__Data provided__.
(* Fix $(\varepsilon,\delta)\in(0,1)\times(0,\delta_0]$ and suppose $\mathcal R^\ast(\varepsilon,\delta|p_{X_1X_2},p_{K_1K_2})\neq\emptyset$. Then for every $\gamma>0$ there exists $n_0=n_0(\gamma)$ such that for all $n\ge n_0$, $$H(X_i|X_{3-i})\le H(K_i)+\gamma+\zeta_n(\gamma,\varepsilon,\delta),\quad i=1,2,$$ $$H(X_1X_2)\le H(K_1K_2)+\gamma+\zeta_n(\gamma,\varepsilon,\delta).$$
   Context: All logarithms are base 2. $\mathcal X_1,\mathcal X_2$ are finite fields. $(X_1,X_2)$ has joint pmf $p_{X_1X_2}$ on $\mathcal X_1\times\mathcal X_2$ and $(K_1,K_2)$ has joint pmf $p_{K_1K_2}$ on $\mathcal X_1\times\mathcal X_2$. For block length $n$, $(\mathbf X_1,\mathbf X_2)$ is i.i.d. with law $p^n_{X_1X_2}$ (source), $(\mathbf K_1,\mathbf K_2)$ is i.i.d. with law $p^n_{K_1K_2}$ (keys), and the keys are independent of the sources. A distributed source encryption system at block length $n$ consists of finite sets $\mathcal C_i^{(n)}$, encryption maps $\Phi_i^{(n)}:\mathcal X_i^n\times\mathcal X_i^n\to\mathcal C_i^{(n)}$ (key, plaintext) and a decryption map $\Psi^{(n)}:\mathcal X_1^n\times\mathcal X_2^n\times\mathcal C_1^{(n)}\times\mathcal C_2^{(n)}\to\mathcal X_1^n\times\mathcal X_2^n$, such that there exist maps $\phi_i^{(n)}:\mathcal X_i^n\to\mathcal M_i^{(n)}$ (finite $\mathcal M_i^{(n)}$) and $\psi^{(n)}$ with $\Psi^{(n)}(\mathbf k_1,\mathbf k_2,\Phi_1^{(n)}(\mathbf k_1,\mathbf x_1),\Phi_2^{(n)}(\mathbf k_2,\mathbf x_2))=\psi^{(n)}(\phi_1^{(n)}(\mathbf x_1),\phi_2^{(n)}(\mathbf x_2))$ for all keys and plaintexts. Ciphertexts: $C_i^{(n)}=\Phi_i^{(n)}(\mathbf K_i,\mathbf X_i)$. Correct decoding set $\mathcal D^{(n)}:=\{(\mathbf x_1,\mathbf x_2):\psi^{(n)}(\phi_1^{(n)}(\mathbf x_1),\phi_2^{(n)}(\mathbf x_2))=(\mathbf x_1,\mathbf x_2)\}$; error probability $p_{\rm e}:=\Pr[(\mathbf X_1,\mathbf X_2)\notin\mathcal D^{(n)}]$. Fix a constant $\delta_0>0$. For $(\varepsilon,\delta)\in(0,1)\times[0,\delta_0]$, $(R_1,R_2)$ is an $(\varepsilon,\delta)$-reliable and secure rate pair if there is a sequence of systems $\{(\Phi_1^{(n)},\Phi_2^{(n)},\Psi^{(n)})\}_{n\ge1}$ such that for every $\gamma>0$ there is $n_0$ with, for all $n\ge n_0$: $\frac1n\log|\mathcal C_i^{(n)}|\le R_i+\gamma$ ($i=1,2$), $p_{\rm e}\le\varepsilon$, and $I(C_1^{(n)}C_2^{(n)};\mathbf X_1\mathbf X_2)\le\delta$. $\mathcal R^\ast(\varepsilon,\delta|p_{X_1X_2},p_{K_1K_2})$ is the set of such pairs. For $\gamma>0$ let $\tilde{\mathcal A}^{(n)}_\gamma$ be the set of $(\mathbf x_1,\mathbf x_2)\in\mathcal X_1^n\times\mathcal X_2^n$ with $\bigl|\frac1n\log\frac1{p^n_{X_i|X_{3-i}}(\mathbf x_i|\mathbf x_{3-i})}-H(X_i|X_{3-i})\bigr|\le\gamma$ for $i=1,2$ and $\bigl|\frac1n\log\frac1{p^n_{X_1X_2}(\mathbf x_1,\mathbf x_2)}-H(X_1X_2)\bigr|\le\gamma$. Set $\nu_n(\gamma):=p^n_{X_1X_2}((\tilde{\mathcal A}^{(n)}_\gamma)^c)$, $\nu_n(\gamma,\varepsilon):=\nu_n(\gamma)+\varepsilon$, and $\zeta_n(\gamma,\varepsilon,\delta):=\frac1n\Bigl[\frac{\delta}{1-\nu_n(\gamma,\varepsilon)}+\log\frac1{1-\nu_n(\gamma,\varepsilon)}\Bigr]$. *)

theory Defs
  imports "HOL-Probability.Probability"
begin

__What to produce__.
Go through the listing above and reproduce all of it exactly.

__Result of this task__.
(* Fix $(\varepsilon,\delta)\in(0,1)\times(0,\delta_0]$ and suppose $\mathcal R^\ast(\varepsilon,\delta|p_{X_1X_2},p_{K_1K_2})\neq\emptyset$. Then for every $\gamma>0$ there exists $n_0=n_0(\gamma)$ such that for all $n\ge n_0$, $$H(X_i|X_{3-i})\le H(K_i)+\gamma+\zeta_n(\gamma,\varepsilon,\delta),\quad i=1,2,$$ $$H(X_1X_2)\le H(K_1K_2)+\gamma+\zeta_n(\gamma,\varepsilon,\delta).$$
   Context: All logarithms are base 2. $\mathcal X_1,\mathcal X_2$ are finite fields. $(X_1,X_2)$ has joint pmf $p_{X_1X_2}$ on $\mathcal X_1\times\mathcal X_2$ and $(K_1,K_2)$ has joint pmf $p_{K_1K_2}$ on $\mathcal X_1\times\mathcal X_2$. For block length $n$, $(\mathbf X_1,\mathbf X_2)$ is i.i.d. with law $p^n_{X_1X_2}$ (source), $(\mathbf K_1,\mathbf K_2)$ is i.i.d. with law $p^n_{K_1K_2}$ (keys), and the keys are independent of the sources. A distributed source encryption system at block length $n$ consists of finite sets $\mathcal C_i^{(n)}$, encryption maps $\Phi_i^{(n)}:\mathcal X_i^n\times\mathcal X_i^n\to\mathcal C_i^{(n)}$ (key, plaintext) and a decryption map $\Psi^{(n)}:\mathcal X_1^n\times\mathcal X_2^n\times\mathcal C_1^{(n)}\times\mathcal C_2^{(n)}\to\mathcal X_1^n\times\mathcal X_2^n$, such that there exist maps $\phi_i^{(n)}:\mathcal X_i^n\to\mathcal M_i^{(n)}$ (finite $\mathcal M_i^{(n)}$) and $\psi^{(n)}$ with $\Psi^{(n)}(\mathbf k_1,\mathbf k_2,\Phi_1^{(n)}(\mathbf k_1,\mathbf x_1),\Phi_2^{(n)}(\mathbf k_2,\mathbf x_2))=\psi^{(n)}(\phi_1^{(n)}(\mathbf x_1),\phi_2^{(n)}(\mathbf x_2))$ for all keys and plaintexts. Ciphertexts: $C_i^{(n)}=\Phi_i^{(n)}(\mathbf K_i,\mathbf X_i)$. Correct decoding set $\mathcal D^{(n)}:=\{(\mathbf x_1,\mathbf x_2):\psi^{(n)}(\phi_1^{(n)}(\mathbf x_1),\phi_2^{(n)}(\mathbf x_2))=(\mathbf x_1,\mathbf x_2)\}$; error probability $p_{\rm e}:=\Pr[(\mathbf X_1,\mathbf X_2)\notin\mathcal D^{(n)}]$. Fix a constant $\delta_0>0$. For $(\varepsilon,\delta)\in(0,1)\times[0,\delta_0]$, $(R_1,R_2)$ is an $(\varepsilon,\delta)$-reliable and secure rate pair if there is a sequence of systems $\{(\Phi_1^{(n)},\Phi_2^{(n)},\Psi^{(n)})\}_{n\ge1}$ such that for every $\gamma>0$ there is $n_0$ with, for all $n\ge n_0$: $\frac1n\log|\mathcal C_i^{(n)}|\le R_i+\gamma$ ($i=1,2$), $p_{\rm e}\le\varepsilon$, and $I(C_1^{(n)}C_2^{(n)};\mathbf X_1\mathbf X_2)\le\delta$. $\mathcal R^\ast(\varepsilon,\delta|p_{X_1X_2},p_{K_1K_2})$ is the set of such pairs. For $\gamma>0$ let $\tilde{\mathcal A}^{(n)}_\gamma$ be the set of $(\mathbf x_1,\mathbf x_2)\in\mathcal X_1^n\times\mathcal X_2^n$ with $\bigl|\frac1n\log\frac1{p^n_{X_i|X_{3-i}}(\mathbf x_i|\mathbf x_{3-i})}-H(X_i|X_{3-i})\bigr|\le\gamma$ for $i=1,2$ and $\bigl|\frac1n\log\frac1{p^n_{X_1X_2}(\mathbf x_1,\mathbf x_2)}-H(X_1X_2)\bigr|\le\gamma$. Set $\nu_n(\gamma):=p^n_{X_1X_2}((\tilde{\mathcal A}^{(n)}_\gamma)^c)$, $\nu_n(\gamma,\varepsilon):=\nu_n(\gamma)+\varepsilon$, and $\zeta_n(\gamma,\varepsilon,\delta):=\frac1n\Bigl[\frac{\delta}{1-\nu_n(\gamma,\varepsilon)}+\log\frac1{1-\nu_n(\gamma,\varepsilon)}\Bigr]$. *)

theory Defs
  imports "HOL-Probability.Probability"
begin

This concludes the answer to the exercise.